I also am not satisfied with the communication improvements AWS proposes. I was fine with the frequency of status updates because it was clear that the EBS team was on top of it and didn't have much new to report. I would like to see improved responsiveness so we don't have to open a ticket before something shows up on the status page. But foremost I would like better content in the status updates. I'd like to be constructive, so I'll make it concrete. Here is some of what I would have liked to see (I naturally have to make some assumptions about what was concluded when within AWS):
- explicit mention that the initial network event was contained, status updates kept talking about "increased latencies", which made it unclear whether there was a general ongoing network issue
- clear statement that the outage revolved around EBS and noting the impact on launching servers from EBS images, but also stating that there was no impact on servers not using EBS
- clear statement that certain API calls were disabled instead of vaguely referring to "increased error rates affecting EBS CreateVolume API calls"

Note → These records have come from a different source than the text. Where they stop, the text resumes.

definition L2_circ :: "(real \<Rightarrow> complex) set" where
  "L2_circ = {f. f \<in> borel_measurable circ \<and> integrable circ (\<lambda>t. (cmod (f t))\<^sup>2)}"

text \<open>Hardy space H^2, identified with boundary functions.\<close>
definition H2 :: "(real \<Rightarrow> complex) set" where
  "H2 = {f \<in> L2_circ. \<forall>n::int. n < 0 \<longrightarrow> fourier_coeff f n = 0}"

definition Hinf :: "(real \<Rightarrow> complex) set" where
  "Hinf = {f. f \<in> borel_measurable circ \<and> (\<exists>C. AE t in circ. cmod (f t) \<le> C)
              \<and> (\<forall>n::int. n < 0 \<longrightarrow> fourier_coeff f n = 0)}"

definition inner_fun :: "(real \<Rightarrow> complex) \<Rightarrow> bool" where
  "inner_fun \<theta> \<longleftrightarrow> \<theta> \<in> Hinf \<and> (AE t in circ. cmod (\<theta> t) = 1)"

text \<open>Taylor coefficients of (the analytic part of) a function: hat f(n), n \<ge> 0.
  P_+ F = sum_{n\<ge>0} hat F(n) z^n is thus represented by its Taylor coefficients.\<close>
definition Pplus_coeffs :: "(real \<Rightarrow> complex) \<Rightarrow> nat \<Rightarrow> complex" where
  "Pplus_coeffs F n = fourier_coeff F (int n)"

definition toeplitz_conj_coeffs :: "(real \<Rightarrow> complex) \<Rightarrow> (real \<Rightarrow> complex) \<Rightarrow> nat \<Rightarrow> complex" where
  "toeplitz_conj_coeffs \<theta> f = Pplus_coeffs (\<lambda>t. cnj (\<theta> t) * f t)"

definition ennsqrt :: "ennreal \<Rightarrow> ennreal" where
  "ennsqrt x = (if x = top then top else ennreal (sqrt (enn2real x)))"

definition vnorm :: "(nat \<Rightarrow> real) \<Rightarrow> (nat \<Rightarrow> complex) \<Rightarrow> ennreal" where
  "vnorm v a = ennsqrt (\<Sum>n. ennreal (v n * (cmod (a n))\<^sup>2))"

end

theory Submission
  imports Defs
begin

- timely reporting, e.g., the post mortem states "by 5:30 AM PDT, error rates and latencies again increased for EBS API calls across the Region" while the status updates only mentioned this at 7am
- the fact that the outage was due to failed EBS volumes as opposed to just connectivity or latency issues accessing the volumes was only reported at 8:54am, yet this is crucial piece of information
- the status updates never made it clear that EBS volumes continued to fail after the initial event, nor did they mention when this infection was halted
- the isolation of the other availability zones from the "affected one" was reported several hours after it was put in place
- it would have been useful to see some relative numbers, such as % of volumes deemed operational, % being recovered automatically soon, % slated for later manual recovery; best would have been emails to users with specific volume IDs
I'm sure that some of the items above weren't quite as obvious at the time and in the heat of the moment it's always difficult to determine what to say. But there is no question that the status updates were filled with vague terms, such as "increased latencies", "moderate increase in error rates", "affected availability zone", "a network event", etc. Perhaps foremost it's not until 8 hours after the onset of the outage that AWS made it clear that volumes in the affected zone weren't going to return to normal for hours to come. Up to that point it seemed that everything could return to normal any minute. This lack of clarity made it much harder for users to take the right decisions promptly.

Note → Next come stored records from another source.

lemma inv_sigma_mult_inv_sigma_prefix:
  assumes "1 \<le> i" "i < n" "1 \<le> j" "j \<le> n"
  shows "inv (\<sigma> i) \<otimes> inv (sigma_prefix j) \<in> strand_coset (transpose i (Suc i) j)"
proof -
  have one: "\<one> \<in> combed n" "\<one> \<in> tail_braids"
    using subgroup.one_closed[OF subgroup_combed] subgroup.one_closed[OF subgroup_tail_braids] .
  have carrier: "\<sigma> i \<in> carrier G" "sigma_prefix j \<in> carrier G"
    using assms by simp_all
  consider "j < i" | "j = i" | "j = Suc i" | "Suc i < j"
    by linarith
  then show ?thesis
  proof cases
    case 1
    then have "inv (\<sigma> i) \<otimes> inv (sigma_prefix j)
        = inv (sigma_prefix (transpose i (Suc i) j)) \<otimes> \<one> \<otimes> inv (\<sigma> i)"
      using assms(2) carrier sigma_commute_sigma_prefix intertwine_inv_inv by simp
    moreover have "inv (\<sigma> i) \<in> tail_braids"
      using 1 assms sigma_in_tail_braids subgroup.m_inv_closed[OF subgroup_tail_braids] by simp
    ultimately show ?thesis
      by (intro strand_cosetI[OF one(1)])
  next
    case 2
    then have "inv (\<sigma> i) \<otimes> inv (sigma_prefix j)
        = inv (sigma_prefix (transpose i (Suc i) j)) \<otimes> \<one> \<otimes> \<one>"
      using assms carrier by (simp add: sigma_prefix_Suc inv_mult_group)
    then show ?thesis
      by (rule strand_cosetI[OF one])
  next
    case 3
    have "inv (\<sigma> i) \<otimes> inv (sigma_prefix i \<otimes> \<sigma> i) = inv (sigma_prefix i)
        \<otimes> inv (sigma_prefix i \<otimes> \<sigma> i \<otimes> \<sigma> i \<otimes> inv (sigma_prefix i)) \<otimes> \<one>"
      using assms by (simp add: m_assoc inv_mult_group)
    then have "inv (\<sigma> i) \<otimes> inv (sigma_prefix j)
        = inv (sigma_prefix (transpose i (Suc i) j)) \<otimes> inv (twist (Suc i)) \<otimes> \<one>"
      using 3 assms by (simp only: transpose_apply_second sigma_prefix_Suc twist_eq)
    moreover have "inv (twist (Suc i)) \<in> combed n"
      using assms subgroup.m_inv_closed[OF subgroup_combed] by simp
    ultimately show ?thesis
      by (intro strand_cosetI[OF _ one(2)])
  next
    case 4
    then have "inv (\<sigma> i) \<otimes> inv (sigma_prefix j)
        = inv (sigma_prefix (transpose i (Suc i) j)) \<otimes> \<one> \<otimes> inv (\<sigma> (Suc i))"
      using assms carrier sigma_shift_sigma_prefix[of i j] intertwine_inv_inv[of "\<sigma> (Suc i)"]
      by simp
    moreover have "inv (\<sigma> (Suc i)) \<in> tail_braids"
      using 4 assms sigma_in_tail_braids subgroup.m_inv_closed[OF subgroup_tail_braids] by simp
    ultimately show ?thesis
      by (intro strand_cosetI[OF one(1)])
  qed
qed

lemma strand_coset_sigma_mult:
  assumes "1 \<le> i" "i < n" "g = \<sigma> i \<or> g = inv (\<sigma> i)" "1 \<le> j" "j \<le> n" "x \<in> strand_coset j"
  shows "g \<otimes> x \<in> strand_coset (transpose i (Suc i) j)"
proof -
  obtain P \<beta> where x: "P \<in> combed n" "\<beta> \<in> tail_braids" "x = inv (sigma_prefix j) \<otimes> P \<otimes> \<beta>"
    using assms(6) by (auto simp: strand_coset_def)
  have "g \<otimes> x = g \<otimes> inv (sigma_prefix j) \<otimes> P \<otimes> \<beta>"
    using x assms combed_closed tail_braids_closed by (auto simp: m_assoc)
  moreover have "g \<otimes> inv (sigma_prefix j) \<in> strand_coset (transpose i (Suc i) j)"
    using assms(3) sigma_mult_inv_sigma_prefix[OF assms(1,2,4,5)]
      inv_sigma_mult_inv_sigma_prefix[OF assms(1,2,4,5)] by auto
  moreover have "transpose i (Suc i) j \<le> n"
    using assms(2,5) by (simp add: transpose_def)
  ultimately show ?thesis
    using strand_coset_mult x(1,2) by simp
qed

lemma braid_class_Cons:
  assumes "valid_word n ((i, e) # w)"
  shows "braid_class n ((i, e) # w) = (if e then \<sigma> i else inv (\<sigma> i)) \<otimes> braid_class n w"
proof -
  have "braid_class n ((i, e) # w) = braid_class n [(i, e)] \<otimes> braid_class n w"
    using assms by (simp add: G_eq)
  then show ?thesis
  proof (cases e)
    case True
    then show ?thesis
      using \<open>braid_class n ((i, e) # w) = _\<close> by (simp add: sigma_def)
  next
    case False
    then show ?thesis
      using \<open>braid_class n ((i, e) # w) = _\<close> assms inv_sigma by simp
  qed
qed

lemma braid_in_strand_coset:
  assumes "x \<in> carrier G"
  shows "\<exists>j \<in> {1..n}. x \<in> strand_coset j"
proof -
  obtain w where w: "valid_word n w" "x = braid_class n w"
    using assms by (auto simp: G_eq carrier_braid_group)
  have "\<exists>j \<in> {1..n}. braid_class n w \<in> strand_coset j"
    using w(1)
  proof (induction w)
    case Nil
    have "braid_class n [] = \<one>"
      by (simp add: G_eq one_braid_group)
    then have "braid_class n [] = inv (sigma_prefix 1) \<otimes> \<one> \<otimes> \<one>"
      by simp
    then have "braid_class n [] \<in> strand_coset 1"
      using subgroup.one_closed[OF subgroup_combed] subgroup.one_closed[OF subgroup_tail_braids]
      by (rule strand_cosetI[rotated 2])
    then show ?case
      using two_le_n by auto
  next
    case (Cons l w)
    obtain i e where l: "l = (i, e)"
      by fastforce
    have i: "1 \<le> i" "i < n" and "valid_word n w"
      using Cons.prems by (simp_all add: l)
    then obtain j where j: "j \<in> {1..n}" "braid_class n w \<in> strand_coset j"
      using Cons.IH by blast
    have "braid_class n (l # w) \<in> strand_coset (transpose i (Suc i) j)"
      using strand_coset_sigma_mult[OF i _ _ _ j(2)] braid_class_Cons[of i e w] Cons.prems j(1)
      by (cases e) (simp_all add: l)
    moreover have "transpose i (Suc i) j \<in> {1..n}"
      using i j(1) by (auto simp: transpose_def)
    ultimately show ?case
      by blast
  qed
  then show ?thesis
    using w(2) by simp
qed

On the public reaction front, while I understand it, I'm still baffled by reporters stating that the loss of 0.07% of volumes as not recoverable is a fundamental problem. This is equivalent to complaining about users losing data because their RAID array failed (happens all the time from operator error to 6ft drop due to earthquake). Users that lost data and were not aware of the risk they were taking need to seriously reflect on what they're doing (and get help as appropriate).
This episode provides a key lesson to all cloud companies regarding architecting to withstand failure, and communicating with customers when failures do occur. While RightScale got through the outage relatively unscathed, we are working to improve on both those fronts ourselves. And we intend to continue to work with customers to enable AWS as well as other providers with independent, best-practice solutions that are resilient and highly available.